This does not mean we:

  • Avoid in-person interactions; some topics are better to discuss in person with documenting during and after.
  • Allow the process of writing to slow us from taking action; we should not endlessly cycle on an issue in writing, if a decision is not coming quickly that is a sign to meet in person.
  • Shift the buck; we don’t shift ownership of issues without a conversation (either in person or asynchronously).
  • Hide behind data and writing; that’s just the pre-work for in-person meetings.
  • Avoid judgement calls in times where there’s no clear right answer; see “Be 20% Wrong”.
  • Shun brainstorming exercises; we love brainstorming at the right time and place.
  • Always require data to make decisions; we value vision. We also value experimentation.
  • Create long exposés; we use common sense as to how to best record the information, and often that is short-form.
  • Leverage writing as an excuse for inaction; we always look to drive writing into action.
  • Prioritize the success of others ahead of our own.
  • Assume everything should be a collaborative effort.
  • Monopolize our team members’ time.
  • Excuse leaders’ failures by expecting the team to have stepped up.
  • Forget how our actions impact others at the company.

*Credit to Matt Mochary’s Playbook and Amazon’s Culture


Live Curiously

A learning and growth mindset is how we evolve and grow as a business and as individuals at Bolt. At its core, a growth mindset requires curiosity, humility, and openness to giving and receiving feedback from everyone we work with. It also requires the self-awareness and courage to adopt the viewpoint of “I don’t know how to do this…YET,” but also the tenacity, inquisitiveness, and focus to continually challenge ourselves to learn new skills. It means waking up each day hungry for feedback and using that to fuel our continuous improvement as a community.

As a collective group, Bolters are eager to grow and develop. We have the courage and drive to take on new things, even when it means learning from our failures. We believe that feedback is the lifeblood of progress and consistently seek input from across the organization, as well as our customers, partners and the broader market. In our view, sharing candid, constructive feedback (both positive and negative) is the ultimate gift, and we do it because we want the same feedback in return.
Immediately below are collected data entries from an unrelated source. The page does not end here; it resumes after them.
definition inc_beta :: "real \<Rightarrow> real \<Rightarrow> real \<Rightarrow> real" where
  "inc_beta x a b = (LBINT t=0..x. t powr (a - 1) * (1 - t) powr (b - 1))"

definition m_fun :: "nat \<Rightarrow> real \<Rightarrow> real \<Rightarrow> real" where
  "m_fun d \<gamma> p =
     (let \<alpha> = (real d - 1) / 2; \<tau> = (1 + \<gamma>) / 2 in
       (1 - \<gamma>\<^sup>2) powr \<alpha> / (2 ^ (d - 2) * (real d - 1)) *
       (p / (inc_beta 1 \<alpha> \<alpha> - inc_beta \<tau> \<alpha> \<alpha>) - (1 - p) / inc_beta \<tau> \<alpha> \<alpha>))"

definition m_pu :: "'a::euclidean_space itself \<Rightarrow> real \<Rightarrow> real \<Rightarrow> real" where
  "m_pu _ \<gamma> p0 = m_fun DIM('a) \<gamma> p0"

definition pu_mse :: "real \<Rightarrow> real \<Rightarrow> 'a::euclidean_space \<Rightarrow> real" where
  "pu_mse \<gamma> p0 x =
     (\<integral>z. (norm ((1 / m_pu TYPE('a) \<gamma> p0) *\<^sub>R z - x))\<^sup>2 * pu_density \<gamma> p0 x z \<partial>unif_sphere)"

definition candidates :: "nat \<Rightarrow> (nat \<Rightarrow> 'a::euclidean_space) measure" where
  "candidates N = PiM {..<N} (\<lambda>_. unif_sphere)"

definition mrc_pi :: "real \<Rightarrow> real \<Rightarrow> nat \<Rightarrow> 'a::euclidean_space \<Rightarrow> (nat \<Rightarrow> 'a) \<Rightarrow> nat \<Rightarrow> real" where
  "mrc_pi \<gamma> p0 N x zs k =
     pu_density \<gamma> p0 x (zs k) / (\<Sum>k'<N. pu_density \<gamma> p0 x (zs k'))"

text \<open>p_mrc = P(z_K in Cap_x), over candidates and K.\<close>
definition p_mrc :: "real \<Rightarrow> real \<Rightarrow> nat \<Rightarrow> 'a::euclidean_space \<Rightarrow> real" where
  "p_mrc \<gamma> p0 N x =
     (\<integral>zs. (\<Sum>k<N. mrc_pi \<gamma> p0 N x zs k * indicator (cap \<gamma> x) (zs k)) \<partial>candidates N)"

definition m_mrc :: "real \<Rightarrow> real \<Rightarrow> nat \<Rightarrow> 'a::euclidean_space \<Rightarrow> real" where
  "m_mrc \<gamma> p0 N x = m_fun DIM('a) \<gamma> (p_mrc \<gamma> p0 N x)"

definition mrc_mse :: "real \<Rightarrow> real \<Rightarrow> nat \<Rightarrow> 'a::euclidean_space \<Rightarrow> real" where
  "mrc_mse \<gamma> p0 N x =
     (\<integral>zs. (\<Sum>k<N. mrc_pi \<gamma> p0 N x zs k *
              (norm ((1 / m_mrc \<gamma> p0 N x) *\<^sub>R zs k - x))\<^sup>2) \<partial>candidates N)"

definition pu_ldp :: "'a::euclidean_space itself \<Rightarrow> real \<Rightarrow> real \<Rightarrow> real \<Rightarrow> bool" where
  "pu_ldp _ \<epsilon> \<gamma> p0 \<longleftrightarrow>
     (\<forall>x\<in>sphere (0::'a) 1. \<forall>x'\<in>sphere (0::'a) 1. \<forall>z\<in>sphere (0::'a) 1.
        pu_density \<gamma> p0 x z \<le> exp \<epsilon> * pu_density \<gamma> p0 x' z)"

end

(*
  Both estimators have the form z / m with z a unit vector, so their mean squared errors lie
  between (1/m - 1)^2 and (1/m + 1)^2; it therefore suffices to show m_mrc >= m_pu / (1 + lam).
  The normaliser m(p) is affine in p with m(1/2) >= 0, so this follows once
  p_mrc >= p0 - lam (p0 - 1/2) / (1 + lam). Given the number C of candidates in the cap, the
  selected candidate lies in the cap with probability a C / (a C + b (N - C)), where a and b are
  the two values of the PrivUnit density; by eps-LDP both are at most e^eps, so this probability
  falls short of p0 = a theta by at most e^eps |C - N theta| / N. As C is binomial with mean
  N theta, the expected shortfall is at most e^eps / sqrt N, which the assumption on N makes
  small enough.
*)
theory Submission
  imports Defs
begin

section \<open>The uniform distribution on the sphere\<close>

lemma measurable_normalize [measurable]:
  "(\<lambda>v::'a::euclidean_space. v /\<^sub>R norm v) \<in> borel_measurable borel"
  by measurable

lemma emeasure_lborel_unit_ball_pos: "0 < emeasure lborel (ball (0::'a::euclidean_space) 1)"
  using content_ball_gt_0_iff[of "0::'a" 1] emeasure_lborel_ball_finite[of "0::'a" 1]
  by (simp add: emeasure_eq_ennreal_measure less_top)

lemma prob_space_unif_sphere: "prob_space (unif_sphere :: 'a::euclidean_space measure)"
proof -
  have "prob_space (uniform_measure lborel (ball (0::'a) 1))"
    using emeasure_lborel_unit_ball_pos[where 'a='a] emeasure_lborel_ball_finite[of "0::'a" 1]
    by (intro prob_space_uniform_measure) auto
  then show ?thesis
    unfolding unif_sphere_def by (rule prob_space.prob_space_distr) simp
qed

lemma space_unif_sphere [simp]: "space unif_sphere = UNIV"
  by (simp add: unif_sphere_def)

lemma sets_unif_sphere [simp, measurable_cong]: "sets unif_sphere = sets borel"
  by (simp add: unif_sphere_def)

lemma AE_unif_sphere_norm: "AE z in (unif_sphere :: 'a::euclidean_space measure). norm z = 1"
proof -
  have "{0::'a} \<in> null_sets lborel"
    by (rule finite_imp_null_set_lborel) simp
  then have "AE v in lborel. v \<in> ball 0 1 \<longrightarrow> v \<noteq> (0::'a)"
    by (rule AE_mp[OF AE_not_in]) auto
  then have "AE v in uniform_measure lborel (ball (0::'a) 1). v \<noteq> 0"
    by (rule AE_uniform_measureI[rotated]) simp
  then have "AE v in uniform_measure lborel (ball (0::'a) 1). norm (v /\<^sub>R norm v) = 1"
    by eventually_elim simp
  then show ?thesis
    unfolding unif_sphere_def by (subst AE_distr_iff) auto
qed

lemma measure_unif_sphere:
  assumes "S \<in> sets borel"
  shows "measure (unif_sphere :: 'a::euclidean_space measure) S =
    measure lborel (ball 0 1 \<inter> (\<lambda>v. v /\<^sub>R norm v) -` S) / measure lborel (ball (0::'a) 1)"
proof -
  have "(\<lambda>v::'a. v /\<^sub>R norm v) -` S \<in> sets lborel"
    using measurable_sets[OF measurable_normalize assms] by simp
  moreover have "(\<lambda>v::'a. v /\<^sub>R norm v) \<in> measurable (uniform_measure lborel (ball 0 1)) borel"
    by simp
  ultimately have "measure (unif_sphere :: 'a measure) S =
      measure (uniform_measure lborel (ball (0::'a) 1)) ((\<lambda>v. v /\<^sub>R norm v) -` S)"
    unfolding unif_sphere_def by (subst measure_distr) (auto simp: assms)
  also have "\<dots> = measure lborel (ball 0 1 \<inter> (\<lambda>v. v /\<^sub>R norm v) -` S) / measure lborel (ball (0::'a) 1)"
    using \<open>(\<lambda>v::'a. v /\<^sub>R norm v) -` S \<in> sets lborel\<close>
      emeasure_lborel_unit_ball_pos[where 'a='a] emeasure_lborel_ball_finite[of "0::'a" 1]
    by (subst measure_uniform_measure) auto
  finally show ?thesis .
qed

lemma measure_unif_sphere_pos:
  assumes S: "S \<in> sets borel" and U: "open U" "U \<noteq> {}" "U \<subseteq> ball 0 1"
    and directions: "\<And>v. v \<in> U \<Longrightarrow> v /\<^sub>R norm v \<in> S"
  shows "0 < measure (unif_sphere :: 'a::euclidean_space measure) S"
proof -
  obtain c where "c \<in> U"
    using U(2) by blast
  then obtain e where e: "e > 0" "ball c e \<subseteq> U"
    using U(1) open_contains_ball by blast
  define P where "P = ball 0 1 \<inter> (\<lambda>v::'a. v /\<^sub>R norm v) -` S"
  have "P \<in> sets lborel"
    using measurable_sets[OF measurable_normalize S] by (simp add: P_def)
  moreover have "emeasure lborel P \<le> emeasure lborel (ball (0::'a) 1)"
    by (rule emeasure_mono) (auto simp: P_def)
  then have "emeasure lborel P < \<infinity>"
    using emeasure_lborel_ball_finite[of "0::'a" 1] by (rule order.strict_trans1)
  moreover have "ball c e \<subseteq> P"
    using e U(3) directions by (auto simp: P_def)
  ultimately have "measure lborel (ball c e) \<le> measure lborel P"
    by (intro measure_mono_fmeasurable) (auto simp: fmeasurable_def)
  moreover have "0 < measure lborel (ball c e)"
    using content_ball_gt_0_iff[of c e] e by simp
  ultimately have "0 < measure lborel P"
    by linarith
  moreover have "0 < measure lborel (ball (0::'a) 1)"
    using content_ball_gt_0_iff[of "0::'a" 1] by simp
  ultimately show ?thesis
    unfolding measure_unif_sphere[OF S] P_def by (rule divide_pos_pos)
qed

lemma hyperplane_null_sets_lborel:
  fixes y :: "'a::euclidean_space"
  assumes "y \<noteq> 0"
  shows "{v. y \<bullet> v = 0} \<in> null_sets lborel"
proof -
  have "{v. y \<bullet> v = 0} \<in> null_sets lebesgue"
    using negligible_hyperplane[of y 0] assms by (simp add: negligible_iff_null_sets)
  moreover have "closed {v::'a. y \<bullet> v = 0}"
    by (intro closed_Collect_eq continuous_intros)
  ultimately show ?thesis
    by (simp add: null_sets_completion_iff borel_closed)
qed

lemma measure_unif_sphere_hyperplane:
  fixes y :: "'a::euclidean_space"
  assumes "y \<noteq> 0"
  shows "measure unif_sphere {z. y \<bullet> z = 0} = 0"
proof -
  have H: "{z::'a. y \<bullet> z = 0} \<in> sets borel"
    by (intro borel_closed closed_Collect_eq continuous_intros)
  have "(\<lambda>v::'a. v /\<^sub>R norm v) -` {z. y \<bullet> z = 0} = {v. y \<bullet> v = 0}"
    by auto
  moreover have "ball 0 1 \<inter> {v. y \<bullet> v = 0} \<in> null_sets lborel"
    using hyperplane_null_sets_lborel[OF assms] by (rule null_sets_subset) auto
  ultimately show ?thesis
    by (simp add: measure_unif_sphere[OF H] measure_eq_0_null_sets)
qed

section \<open>Caps and local differential privacy\<close>

lemma cap_borel [measurable]: "cap \<gamma> x \<in> sets borel"
proof -
  have "closed (sphere 0 1 \<inter> {z. \<gamma> \<le> z \<bullet> x})"
    by (intro closed_Int closed_sphere closed_Collect_le continuous_intros)
  then show ?thesis
    by (simp add: cap_def Collect_conj_eq)
qed
(* Let $G$ be a crossing closed graph on $[n]$, let $\unlhd$ be a total order on $E(G)$, and let $S$ be a noncrossing NBC set of $G$ (with respect to $\unlhd$). Viewing each edge of $S$ as the bond with that single edge, the join $\bigvee S$ computed in $L_G$ equals the join $\bigvee S$ computed in $NC_G$.
   Context: All graphs are finite simple graphs with vertex set $[n]=\{1,\dots,n\}$; edges are written $ij$ with $i<j$. Two edges $a_1a_2$ and $b_1b_2$ cross if $a_1<b_1<a_2<b_2$ or $b_1<a_1<b_2<a_2$. A spanning subgraph is identified with its edge set. A bond of $G$ is a spanning subgraph each of whose connected components is an induced subgraph of $G$; for a bond $H$, $\pi(H)$ is the partition of $[n]$ into vertex sets of its components. A set partition is crossing if there are distinct blocks $B,B'$ and $a,c\in B$, $b,d\in B'$ with $a<b<c<d$, noncrossing otherwise; $H$ is noncrossing if $\pi(H)$ is. $L_G$ is the lattice of all bonds ordered by inclusion of edge sets, $NC_G$ the subposet of noncrossing bonds. Two crossing edges $e,f$ are crossing closed if among all induced connected subgraphs of $G$ containing $e$ and $f$ there is a unique minimal one under containment; $G$ is crossing closed if every pair of crossing edges is (in which case $NC_G$ is a lattice). Given the total order $\unlhd$, a broken circuit is the edge set of a cycle of $G$ with its $\unlhd$-smallest edge removed; an NBC set is a set of edges containing no broken circuit; a noncrossing NBC set is an NBC set no two of whose edges cross. *)

theory Defs
  imports Main
begin

type_synonym edge = "nat \<times> nat"

definition graph_on :: "nat \<Rightarrow> edge set \<Rightarrow> bool" where
  "graph_on n G \<longleftrightarrow> (\<forall>(i,j)\<in>G. 1 \<le> i \<and> i < j \<and> j \<le> n)"

definition mk_edge :: "nat \<Rightarrow> nat \<Rightarrow> edge" where
  "mk_edge u v = (min u v, max u v)"

definition adj :: "edge set \<Rightarrow> nat \<Rightarrow> nat \<Rightarrow> bool" where
  "adj H u v \<longleftrightarrow> (u, v) \<in> H \<or> (v, u) \<in> H"

definition component :: "nat \<Rightarrow> edge set \<Rightarrow> nat \<Rightarrow> nat set" where
  "component n H v = {u \<in> {1..n}. (adj H)\<^sup>*\<^sup>* v u}"

definition comp_partition :: "nat \<Rightarrow> edge set \<Rightarrow> nat set set" where
  "comp_partition n H = component n H ` {1..n}"

definition is_bond :: "nat \<Rightarrow> edge set \<Rightarrow> edge set \<Rightarrow> bool" where
  "is_bond n G H \<longleftrightarrow> H \<subseteq> G \<and>
     (\<forall>C \<in> comp_partition n H. \<forall>(i,j)\<in>G. i \<in> C \<and> j \<in> C \<longrightarrow> (i,j) \<in> H)"

definition crossing_partition :: "nat set set \<Rightarrow> bool" where
  "crossing_partition P \<longleftrightarrow> (\<exists>B\<in>P. \<exists>B'\<in>P. B \<noteq> B' \<and>
     (\<exists>a\<in>B. \<exists>c\<in>B. \<exists>b\<in>B'. \<exists>d\<in>B'. a < b \<and> b < c \<and> c < d))"

definition bonds :: "nat \<Rightarrow> edge set \<Rightarrow> edge set set" where
  "bonds n G = {H. is_bond n G H}"

definition nc_bonds :: "nat \<Rightarrow> edge set \<Rightarrow> edge set set" where
  "nc_bonds n G = {H. is_bond n G H \<and> \<not> crossing_partition (comp_partition n H)}"

definition edges_cross :: "edge \<Rightarrow> edge \<Rightarrow> bool" where
  "edges_cross e f \<longleftrightarrow> (case e of (a1,a2) \<Rightarrow> case f of (b1,b2) \<Rightarrow>
      (a1 < b1 \<and> b1 < a2 \<and> a2 < b2) \<or> (b1 < a1 \<and> a1 < b2 \<and> b2 < a2))"

text \<open>Induced subgraphs are identified with their vertex sets W \<subseteq> [n].\<close>
definition induced_edges :: "edge set \<Rightarrow> nat set \<Rightarrow> edge set" where
  "induced_edges G W = {(i,j) \<in> G. i \<in> W \<and> j \<in> W}"

definition induced_connected :: "nat \<Rightarrow> edge set \<Rightarrow> nat set \<Rightarrow> bool" where
  "induced_connected n G W \<longleftrightarrow> W \<noteq> {} \<and> W \<subseteq> {1..n} \<and>
     (\<forall>u\<in>W. \<forall>v\<in>W. (adj (induced_edges G W))\<^sup>*\<^sup>* u v)"

definition contains_edges :: "nat set \<Rightarrow> edge \<Rightarrow> edge \<Rightarrow> bool" where
  "contains_edges W e f \<longleftrightarrow> fst e \<in> W \<and> snd e \<in> W \<and> fst f \<in> W \<and> snd f \<in> W"

definition minimal_conn_containing :: "nat \<Rightarrow> edge set \<Rightarrow> edge \<Rightarrow> edge \<Rightarrow> nat set \<Rightarrow> bool" where
  "minimal_conn_containing n G e f W \<longleftrightarrow>
     induced_connected n G W \<and> contains_edges W e f \<and>
     \<not> (\<exists>W'. W' \<subset> W \<and> induced_connected n G W' \<and> contains_edges W' e f)"

definition crossing_closed_pair :: "nat \<Rightarrow> edge set \<Rightarrow> edge \<Rightarrow> edge \<Rightarrow> bool" where
  "crossing_closed_pair n G e f \<longleftrightarrow> (\<exists>!W. minimal_conn_containing n G e f W)"

definition crossing_closed :: "nat \<Rightarrow> edge set \<Rightarrow> bool" where
  "crossing_closed n G \<longleftrightarrow>
     (\<forall>e\<in>G. \<forall>f\<in>G. edges_cross e f \<longrightarrow> crossing_closed_pair n G e f)"

definition cycle_edges :: "edge set \<Rightarrow> edge set \<Rightarrow> bool" where
  "cycle_edges G C \<longleftrightarrow> (\<exists>vs. length vs \<ge> 3 \<and> distinct vs \<and>
     C = {mk_edge (vs ! i) (vs ! ((i + 1) mod length vs)) | i. i < length vs} \<and> C \<subseteq> G)"

text \<open>ord is a total order (reflexive relation) on E(G); (e,f) \<in> ord means e \<unlhd> f.\<close>
definition broken_circuit :: "edge set \<Rightarrow> edge rel \<Rightarrow> edge set \<Rightarrow> bool" where
  "broken_circuit G ord B \<longleftrightarrow> (\<exists>C e. cycle_edges G C \<and> e \<in> C \<and>
     (\<forall>f\<in>C. (e, f) \<in> ord) \<and> B = C - {e})"

definition nbc_set :: "edge set \<Rightarrow> edge rel \<Rightarrow> edge set \<Rightarrow> bool" where
  "nbc_set G ord S \<longleftrightarrow> S \<subseteq> G \<and> \<not> (\<exists>B. broken_circuit G ord B \<and> B \<subseteq> S)"

definition nc_nbc_set :: "edge set \<Rightarrow> edge rel \<Rightarrow> edge set \<Rightarrow> bool" where
  "nc_nbc_set G ord S \<longleftrightarrow> nbc_set G ord S \<and> (\<forall>e\<in>S. \<forall>f\<in>S. \<not> edges_cross e f)"

definition is_join_in :: "edge set set \<Rightarrow> edge set set \<Rightarrow> edge set \<Rightarrow> bool" where
  "is_join_in P X J \<longleftrightarrow> J \<in> P \<and> (\<forall>x\<in>X. x \<subseteq> J) \<and>
     (\<forall>K\<in>P. (\<forall>x\<in>X. x \<subseteq> K) \<longrightarrow> J \<subseteq> K)"

end

theory Submission
  imports Defs
begin
lemma grid_inner_lap_commute:
  fixes u w :: "nat \<times> nat \<Rightarrow> 'a::{real_inner, real_algebra_1}"
  shows "grid_inner Nx Ny (lap a b c d Nx Ny u) w = grid_inner Nx Ny (lap a b c d Nx Ny w) u"
  using grid_inner_lap grid_inner_commute by metis

lemma energy_form_commute: "energy_form a b c d Nx Ny \<epsilon> x z = energy_form a b c d Nx Ny \<epsilon> z x"
proof -
  obtain E1 N1 v1 q1 where x: "x = (E1, N1, v1, q1)" by (cases x) auto
  obtain E2 N2 v2 q2 where z: "z = (E2, N2, v2, q2)" by (cases z) auto
  let ?G = "grid_inner Nx Ny" and ?L = "lap a b c d Nx Ny"
  have "?G (?L E1) E2 = ?G (?L E2) E1" "?G (?L N1) N2 = ?G (?L N2) N1" "?G (?L v1) v2 = ?G (?L v2) v1"
    by (rule grid_inner_lap_commute)+
  moreover have "?G (?L E1) (?L E2) = ?G (?L E2) (?L E1)" "?G N1 N2 = ?G N2 N1"
    by (rule grid_inner_commute)+
  ultimately show ?thesis unfolding x z by simp
qed

lemma bilinear_energy_form: "bilinear (energy_form a b c d Nx Ny \<epsilon>)"
proof (rule bilinear_symI[OF _ _ energy_form_commute])
  note G = bilinear_ladd[OF bilinear_grid_inner] bilinear_radd[OF bilinear_grid_inner]
    bilinear_lmul[OF bilinear_grid_inner] bilinear_rmul[OF bilinear_grid_inner]
  note L = linear_add[OF linear_lap] linear_scale[OF linear_lap]
  show "energy_form a b c d Nx Ny \<epsilon> (x + x') z
      = energy_form a b c d Nx Ny \<epsilon> x z + energy_form a b c d Nx Ny \<epsilon> x' z" for x x' z
    by (cases x; cases x'; cases z) (simp add: G L algebra_simps)
  show "energy_form a b c d Nx Ny \<epsilon> (r *\<^sub>R x) z = r *\<^sub>R energy_form a b c d Nx Ny \<epsilon> x z" for r x z
    by (cases x; cases z) (simp add: G L algebra_simps)
qed

lemma energy_form_stage_eq_0:
  fixes X K1 :: "nat \<times> nat \<Rightarrow> complex" and M V Q K2 K3 K4 :: "nat \<times> nat \<Rightarrow> real"
  assumes K1: "\<And>p. p \<in> grid Nx Ny \<Longrightarrow> K1 p = \<i> * (lap a b c d Nx Ny X p
      - of_real (\<epsilon>^2) * lap a b c d Nx Ny (lap a b c d Nx Ny X) p - of_real (M p) * X p)"
    and K2: "\<And>p. p \<in> grid Nx Ny \<Longrightarrow> K2 p = lap a b c d Nx Ny V p"
    and K3: "\<And>p. p \<in> grid Nx Ny \<Longrightarrow> K3 p = M p - \<epsilon>^2 * lap a b c d Nx Ny M p + Q p"
    and K4: "\<And>p. p \<in> grid Nx Ny \<Longrightarrow> K4 p = 2 * Re (cnj (X p) * K1 p)"
  shows "energy_form a b c d Nx Ny \<epsilon> (X, M, V, Q) (K1, K2, K3, K4) = 0"
proof -
  let ?G = "grid Nx Ny" and ?L = "lap a b c d Nx Ny"
  have "grid_inner Nx Ny (?L X) (?L K1) = grid_inner Nx Ny (?L (?L X)) K1"
    by (rule grid_inner_lap[symmetric])
  then have "energy_form a b c d Nx Ny \<epsilon> (X, M, V, Q) (K1, K2, K3, K4)
     = (\<Sum>p\<in>?G. inner (?L X p) (K1 p) - \<epsilon>^2 * inner (?L (?L X) p) (K1 p)
          - 1/2 * (M p * K2 p) + \<epsilon>^2/2 * (?L M p * K2 p)
          - 1/2 * (M p * K4 p + K2 p * Q p) + 1/2 * (?L V p * K3 p))"
    by (simp add: grid_inner_def inner_real_def sum.distrib sum_subtractf sum_distrib_left
        flip: sum_divide_distrib)
  also have "\<dots> = 0"
    by (intro sum.neutral ballI) (simp add: K1 K2 K3 K4 inner_complex_def algebra_simps)
  finally show ?thesis .
qed

lemma Ham_eq_energy_form:
  assumes q: "\<And>p. p \<in> grid Nx Ny \<Longrightarrow> q p = (cmod (E p))^2"
  shows "Ham a b c d Nx Ny \<epsilon> E N v = of_real ((b - a) / real Nx * ((d - c) / real Ny)
           * energy_form a b c d Nx Ny \<epsilon> (E, N, v, q) (E, N, v, q))"
proof -
  let ?L = "lap a b c d Nx Ny"
  define h where "h = (b - a) / real Nx * ((d - c) / real Ny)"
  have "ip a b c d Nx Ny (?L E) E = of_real (h * grid_inner Nx Ny (?L E) E)"
    unfolding h_def by (rule ip_eq_grid_inner[OF Im_sum_lap_mult_cnj])
  moreover have "ip a b c d Nx Ny (?L E) (?L E) = of_real (h * grid_inner Nx Ny (?L E) (?L E))"
    unfolding h_def by (rule ip_eq_grid_inner) simp
  moreover have "grid_inner Nx Ny N (\<lambda>p. (cmod (E p))^2) = grid_inner Nx Ny N q"
    by (rule grid_inner_cong) (simp_all add: q)
  ultimately show ?thesis
    unfolding h_def[symmetric] Ham_def Let_def lap_cplx ip_cplx energy_form.simps
    by (simp add: algebra_simps)
qed

text \<open>The scheme only constrains grid values. Extending by zero turns the stage relations into
  identities of functions, to which \<open>rk_quadratic_increment\<close> applies.\<close>

definition on_grid :: "nat \<Rightarrow> nat \<Rightarrow> (nat \<times> nat \<Rightarrow> 'a::zero) \<Rightarrow> nat \<times> nat \<Rightarrow> 'a" where
  "on_grid Nx Ny u = (\<lambda>p. if p \<in> grid Nx Ny then u p else 0)"

lemma on_grid_apply: "p \<in> grid Nx Ny \<Longrightarrow> on_grid Nx Ny u p = u p"
  by (simp add: on_grid_def)

lemma lap_on_grid: "p \<in> grid Nx Ny \<Longrightarrow> lap a b c d Nx Ny (on_grid Nx Ny u) p = lap a b c d Nx Ny u p"
  by (rule lap_cong) (simp_all add: on_grid_apply)

lemma on_grid_rk_comb:
  fixes U X :: "nat \<times> nat \<Rightarrow> 'a::real_vector"
  assumes "\<And>p. p \<in> grid Nx Ny \<Longrightarrow> U p = X p + r *\<^sub>R (\<Sum>j\<in>S. c j *\<^sub>R F j p)"
  shows "on_grid Nx Ny U = on_grid Nx Ny X + r *\<^sub>R (\<Sum>j\<in>S. c j *\<^sub>R on_grid Nx Ny (F j))"
  by (rule ext) (simp add: on_grid_def assms sum_fun_apply)

definition grid_state :: "nat \<Rightarrow> nat \<Rightarrow> (nat \<times> nat \<Rightarrow> complex) \<Rightarrow> (nat \<times> nat \<Rightarrow> real)
      \<Rightarrow> (nat \<times> nat \<Rightarrow> real) \<Rightarrow> (nat \<times> nat \<Rightarrow> real) \<Rightarrow> zakharov_state" where
  "grid_state Nx Ny E N v q = (on_grid Nx Ny E, on_grid Nx Ny N, on_grid Nx Ny v, on_grid Nx Ny q)"

lemma energy_form_grid_state:
  "energy_form a b c d Nx Ny \<epsilon> (grid_state Nx Ny E1 N1 v1 q1) (grid_state Nx Ny E2 N2 v2 q2)
     = energy_form a b c d Nx Ny \<epsilon> (E1, N1, v1, q1) (E2, N2, v2, q2)"
  by (simp add: grid_state_def on_grid_apply lap_on_grid cong: grid_inner_cong)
In practice, this means we:

  • Seek continuous improvement.
  • Take pride in helping others through (critical and positive) feedback.
  • Are aware of our circle of competence and are striving to expand it.
  • Are brave in trying new things.
  • Actively try to learn from our mistakes.
  • Believe that growth and development of people is the highest calling of leadership.
  • Understand that feedback, especially constructive, critical feedback, helps us grow.
  • Hire those who exhibit a strong willingness to learn, over pedigree.
  • When hiring and promoting, look for future potential and track record.
  • Fundamentally believe that with the right expectations and direction, people can grow to take on new challenges and surpass expectations.
  • Accept that we are not perfect but strive to get better and better.

This does not mean we:

  • Are careless in providing feedback – we use systems to provide feedback when the recipient is open and ready.
  • Are unwilling to be assertive when we have conviction; it is possible to be assertive with humility.
  • Let people off the hook – making the same mistake over and over again is not okay.

Be 20% Wrong, Chase 10x

We have succeeded where others have not because we pursue innovative, bold ideas and are not held back by fear (or bureaucracy). We move fast, take risks, and chase big outcomes wherever possible. We’re creating an environment where we can act fearlessly, consensus isn’t needed for every action, and experimentation and failure (plus learning) are par for the course.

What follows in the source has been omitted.